Configuring the syslog-ng Windows Agent
You can configure the syslog-ng Windows Agent either during installation, or any time after that. If you configure the Agent after installation, start the “Configure syslog-ng Agent for Windows” application. Then, in both cases, go to “Eventlog Sources” and double-click “Event Containers”. You should add a new container here, with the container name set to “ARAdminService”.
Next, go to Destinations and add a new server. On the server tab, set the server name or IP address, where the syslog-ng PE server is installed. On the messages tab, set the event message template to:
${EVENT_MSG_XML}
Yes, I know, XML is ugly and not easily human-readable. However, you will see the benefits of this choice as soon as we also configure the XML parser on the syslog-ng server side.
Once you finished configuring the syslog-ng Windows Agent, restart it. You can do so from the Start menu, by using net commands, or from the Services application.
Configuring the syslog-ng PE server
The default syslog-ng PE configuration only collects local log messages.
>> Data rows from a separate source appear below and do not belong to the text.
lemma lookup_le_total_degree: "lookup a i \<le> total_degree a"
proof -
  have "total_degree a = (\<Sum>j\<in>insert i (keys a). lookup a j)"
    by (simp add: total_degree_eq_sum subset_insertI)
  then show ?thesis
    by (simp add: member_le_sum)
qed

lemma keys_add_var_exp: "keys (a + var_exp i) = insert i (keys a)"
  by (auto simp: in_keys_iff lookup_add lookup_single when_def split: if_splits)

lemma homog_polys_iff:
  "p \<in> homog_polys k m \<longleftrightarrow> (\<forall>a. lookup p a \<noteq> 0 \<longrightarrow> keys a \<subseteq> {1..m} \<and> total_degree a = k)"
  unfolding homog_polys_def total_degree_def by (auto simp: in_keys_iff)

lemma homog_polys_mono: "m \<le> m' \<Longrightarrow> homog_polys k m \<subseteq> homog_polys k m'"
  unfolding subset_iff homog_polys_iff by (meson atLeastAtMost_iff order.trans subsetD subsetI)

lemma homog_polys_lookup_eq_0:
  assumes "p \<in> homog_polys k m" and "j \<notin> {1..m}" and "0 < lookup a j"
  shows "lookup p a = 0"
  using assms unfolding homog_polys_iff by (metis in_keys_iff not_gr0 subsetD)

definition CK_step :: "(nat \<Rightarrow> real) \<Rightarrow> nat \<Rightarrow> rpoly \<Rightarrow> rpoly" where
  "CK_step \<nu> n = (\<lambda>q. - pmult_var n (L_minus \<nu> (n - 1) q))"

definition CK_coeff :: "(nat \<Rightarrow> real) \<Rightarrow> nat \<Rightarrow> nat \<Rightarrow> real" where
  "CK_coeff \<nu> n j = Gamma (2 * \<nu> n) / (fact j * Gamma (real j + 2 * \<nu> n))"

lemma CK_BG_eq_sum: "CK_BG \<nu> n k p = (\<Sum>j=0..k. pscale (CK_coeff \<nu> n j) ((CK_step \<nu> n ^^ j) p))"
  unfolding CK_BG_def CK_step_def CK_coeff_def ..

lemma CK_coeff_0:
  assumes "0 < \<nu> n"
  shows "CK_coeff \<nu> n 0 = 1"
proof -
  have "0 < Gamma (2 * \<nu> n)"
    using assms by (simp add: Gamma_real_pos)
  then show ?thesis
    by (simp add: CK_coeff_def)
qed

lemma CK_coeff_Suc:
  assumes "0 < \<nu> n"
  shows "(real j + 1) * (real j + 2 * \<nu> n) * CK_coeff \<nu> n (Suc j) = CK_coeff \<nu> n j"
proof -
  let ?X = "(real j + 1) * (real j + 2 * \<nu> n)"
  have pos: "0 < real j + 2 * \<nu> n"
    using assms by simp
  then have "Gamma (real (Suc j) + 2 * \<nu> n) = (real j + 2 * \<nu> n) * Gamma (real j + 2 * \<nu> n)"
    using Gamma_plus1[of "real j + 2 * \<nu> n"] nonpos_Ints_nonpos by (fastforce simp: algebra_simps)
  then have denom: "fact (Suc j) * Gamma (real (Suc j) + 2 * \<nu> n) =
      ?X * (fact j * Gamma (real j + 2 * \<nu> n))"
    by (simp add: algebra_simps)
  have "?X \<noteq> 0"
    using pos by simp
  then show ?thesis
    unfolding CK_coeff_def denom times_divide_eq_right by (rule nonzero_mult_divide_mult_cancel_left)
qed

lemma lookup_CK_step_add [simp]:
  "lookup (CK_step \<nu> n q) (a + var_exp n) = - lookup (L_minus \<nu> (n - 1) q) a"
  by (simp add: CK_step_def)

lemma lookup_CK_step_nonzero:
  assumes "lookup (CK_step \<nu> n q) a \<noteq> 0"
  obtains b i where "a = b + var_exp n" and "i \<in> {1..n - 1}" and "lookup q (b + var_exp i) \<noteq> 0"
proof -
  obtain b where "a = b + var_exp n" and "lookup (L_minus \<nu> (n - 1) q) b \<noteq> 0"
    using assms unfolding CK_step_def by (auto elim: lookup_pmult_var_nonzero)
  then show thesis
    using that by (auto elim: lookup_L_minus_nonzero)
qed

lemma CK_step_linear:
  "CK_step \<nu> n (pscale x p + pscale y q) = pscale x (CK_step \<nu> n p) + pscale y (CK_step \<nu> n q)"
  by (rule poly_mapping_eqI)
    (simp add: CK_step_def lookup_pmult_var lookup_L_minus lookup_add sum_distrib_left
      sum.distrib algebra_simps)

lemma CK_step_pow_linear:
  "(CK_step \<nu> n ^^ j) (pscale x p + pscale y q) =
    pscale x ((CK_step \<nu> n ^^ j) p) + pscale y ((CK_step \<nu> n ^^ j) q)"
  by (induction j) (simp_all add: CK_step_linear)

lemma CK_BG_linear:
  "CK_BG \<nu> n k (pscale x p + pscale y q) = pscale x (CK_BG \<nu> n k p) + pscale y (CK_BG \<nu> n k q)"
  by (rule poly_mapping_eqI)
    (simp add: CK_BG_eq_sum CK_step_pow_linear lookup_sum lookup_add sum_distrib_left
      sum.distrib algebra_simps)

lemma CK_step_homog:
  assumes q: "q \<in> homog_polys k n"
  shows "CK_step \<nu> n q \<in> homog_polys k n"
  unfolding homog_polys_iff
proof (intro allI impI)
  fix a
  assume "lookup (CK_step \<nu> n q) a \<noteq> 0"
  then obtain b i where a: "a = b + var_exp n" and i: "i \<in> {1..n - 1}"
    and nz: "lookup q (b + var_exp i) \<noteq> 0"
    by (rule lookup_CK_step_nonzero)
  have "keys (b + var_exp i) \<subseteq> {1..n}" and deg: "total_degree (b + var_exp i) = k"
    using q nz unfolding homog_polys_iff by blast+
  moreover have "n \<in> {1..n}"
    using i by auto
  ultimately have "keys a \<subseteq> {1..n}"
    unfolding a keys_add_var_exp by blast
  moreover have "total_degree a = k"
    using deg unfolding a total_degree_add by simp
  ultimately show "keys a \<subseteq> {1..n} \<and> total_degree a = k" ..
qed

lemma CK_step_pow_homog: "q \<in> homog_polys k n \<Longrightarrow> (CK_step \<nu> n ^^ j) q \<in> homog_polys k n"
  by (induction j) (auto intro: CK_step_homog)

lemma lookup_CK_step_pow_nonzero:
  assumes p: "p \<in> homog_polys k (n - 1)" and nz: "lookup ((CK_step \<nu> n ^^ j) p) a \<noteq> 0"
  shows "lookup a n = j"
  using nz
proof (induction j arbitrary: a)
  case 0
  then show ?case
    using homog_polys_lookup_eq_0[OF p, of n a] by fastforce
next
  case (Suc j)
  then obtain b i where a: "a = b + var_exp n" and i: "i \<in> {1..n - 1}"
    and "lookup ((CK_step \<nu> n ^^ j) p) (b + var_exp i) \<noteq> 0"
    by (auto elim: lookup_CK_step_nonzero)
  have "lookup (b + var_exp i) n = j"
    by (rule Suc.IH) fact
  moreover have "i \<noteq> n"
    using i by auto
  ultimately show ?case
    unfolding a by (simp add: lookup_add lookup_single)
qed

lemma CK_step_pow_eq_0:
  assumes p: "p \<in> homog_polys k (n - 1)" and "k < j"
  shows "(CK_step \<nu> n ^^ j) p = 0"
proof (rule poly_mapping_eqI, rule ccontr)
  fix a
  assume "lookup ((CK_step \<nu> n ^^ j) p) a \<noteq> lookup 0 a"
  then have nz: "lookup ((CK_step \<nu> n ^^ j) p) a \<noteq> 0"
    by simp
  have "(CK_step \<nu> n ^^ j) p \<in> homog_polys k n"
    using p homog_polys_mono[of "n - 1" n] by (auto intro: CK_step_pow_homog)
  then have "total_degree a = k"
    using nz unfolding homog_polys_iff by blast
  moreover have "lookup a n = j"
    using lookup_CK_step_pow_nonzero[OF p nz] .
  ultimately show False
    using lookup_le_total_degree[of a n] \<open>k < j\<close> by simp
qed

lemma lookup_CK_BG:
  assumes p: "p \<in> homog_polys k (n - 1)"
  shows "lookup (CK_BG \<nu> n k p) a =
    CK_coeff \<nu> n (lookup a n) * lookup ((CK_step \<nu> n ^^ lookup a n) p) a"
proof -
  let ?j = "lookup a n"
  let ?t = "\<lambda>j. CK_coeff \<nu> n j * lookup ((CK_step \<nu> n ^^ j) p) a"
  have "lookup (CK_BG \<nu> n k p) a = (\<Sum>j=0..k. if j = ?j then ?t ?j else 0)"
    unfolding CK_BG_eq_sum lookup_sum using lookup_CK_step_pow_nonzero[OF p]
    by (intro sum.cong refl) fastforce
  also have "\<dots> = ?t ?j"
    using CK_step_pow_eq_0[OF p, of ?j] by (auto simp: sum.delta')
  finally show ?thesis .
qed

lemma CK_BG_homog:
  assumes p: "p \<in> homog_polys k (n - 1)"
  shows "CK_BG \<nu> n k p \<in> homog_polys k n"
  unfolding homog_polys_iff
proof (intro allI impI)
  fix a
  assume "lookup (CK_BG \<nu> n k p) a \<noteq> 0"
  then have "lookup ((CK_step \<nu> n ^^ lookup a n) p) a \<noteq> 0"
    unfolding lookup_CK_BG[OF p] by simp
  moreover have "(CK_step \<nu> n ^^ lookup a n) p \<in> homog_polys k n"
    using p homog_polys_mono[of "n - 1" n] by (auto intro: CK_step_pow_homog)
  ultimately show "keys a \<subseteq> {1..n} \<and> total_degree a = k"
    unfolding homog_polys_iff by blast
qed

lemma CK_BG_in_kernel:
  assumes n: "0 < n" and \<nu>: "0 < \<nu> n" and p: "p \<in> homog_polys k (n - 1)"
  shows "L_minus \<nu> n (CK_BG \<nu> n k p) = 0"
proof (rule poly_mapping_eqI)
  fix a :: "nat \<Rightarrow>\<^sub>0 nat"
  let ?f = "CK_BG \<nu> n k p"
  define j where "j = lookup a n"
  define q where "q = (CK_step \<nu> n ^^ j) p"
  define S where "S = lookup (L_minus \<nu> (n - 1) q) a"
  have "lookup (L_minus \<nu> (n - 1) ?f) a = CK_coeff \<nu> n j * S"
    unfolding S_def lookup_L_minus sum_distrib_left
  proof (intro sum.cong refl)
    fix i
    assume "i \<in> {1..n - 1}"
    then have "lookup (a + var_exp i) n = j"
      by (auto simp: j_def lookup_add lookup_single)
    then show "L_minus_weight \<nu> a i * lookup ?f (a + var_exp i) =
        CK_coeff \<nu> n j * (L_minus_weight \<nu> a i * lookup q (a + var_exp i))"
      by (simp add: lookup_CK_BG[OF p] q_def)
  qed
  moreover have "lookup ?f (a + var_exp n) = - CK_coeff \<nu> n (Suc j) * S"
    by (simp add: lookup_CK_BG[OF p] lookup_add j_def q_def S_def)
  moreover have "L_minus_weight \<nu> a n * CK_coeff \<nu> n (Suc j) = CK_coeff \<nu> n j"
    using CK_coeff_Suc[of \<nu> n j] \<nu> by (simp add: L_minus_weight_def j_def)
  ultimately show "lookup (L_minus \<nu> n ?f) a = lookup 0 a"
    by (simp add: lookup_L_minus_last[OF n] algebra_simps)
qed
For this blog, we extend this base configuration with:
- A network source to collect log messages from Windows hosts.
- An XML parser.
- File destinations to save the incoming log messages.
- A log statement which connects all these building blocks together.
You should append the below configuration to your syslog-ng.conf. I describe its four components in more detail below.
# source for Windows clients, RFC5424 source s_win { syslog(port(601)); }; # xml parser for Windows XML logs parser p_xml { xml(prefix('winxml.')); }; # destination for Windows logs destination d_fromwin { file("/var/log/fromwin"); file("/var/log/fromwin.json" template("$(format-json --scope rfc5424 --scope dot-nv-pairs --rekey .* --shift 1 --scope nv-pairs)\n") ); }; # log path for Windows logs log { source(s_win); if ("${PROGRAM}" ne "syslog-ng-agent") { parser(p_xml); }; destination(d_fromwin); };
The s_win source listens on port 601 using the new, RFC5424 syslog protocol. There is no encryption configured in this case to make the testing process easier, but of course it is also supported.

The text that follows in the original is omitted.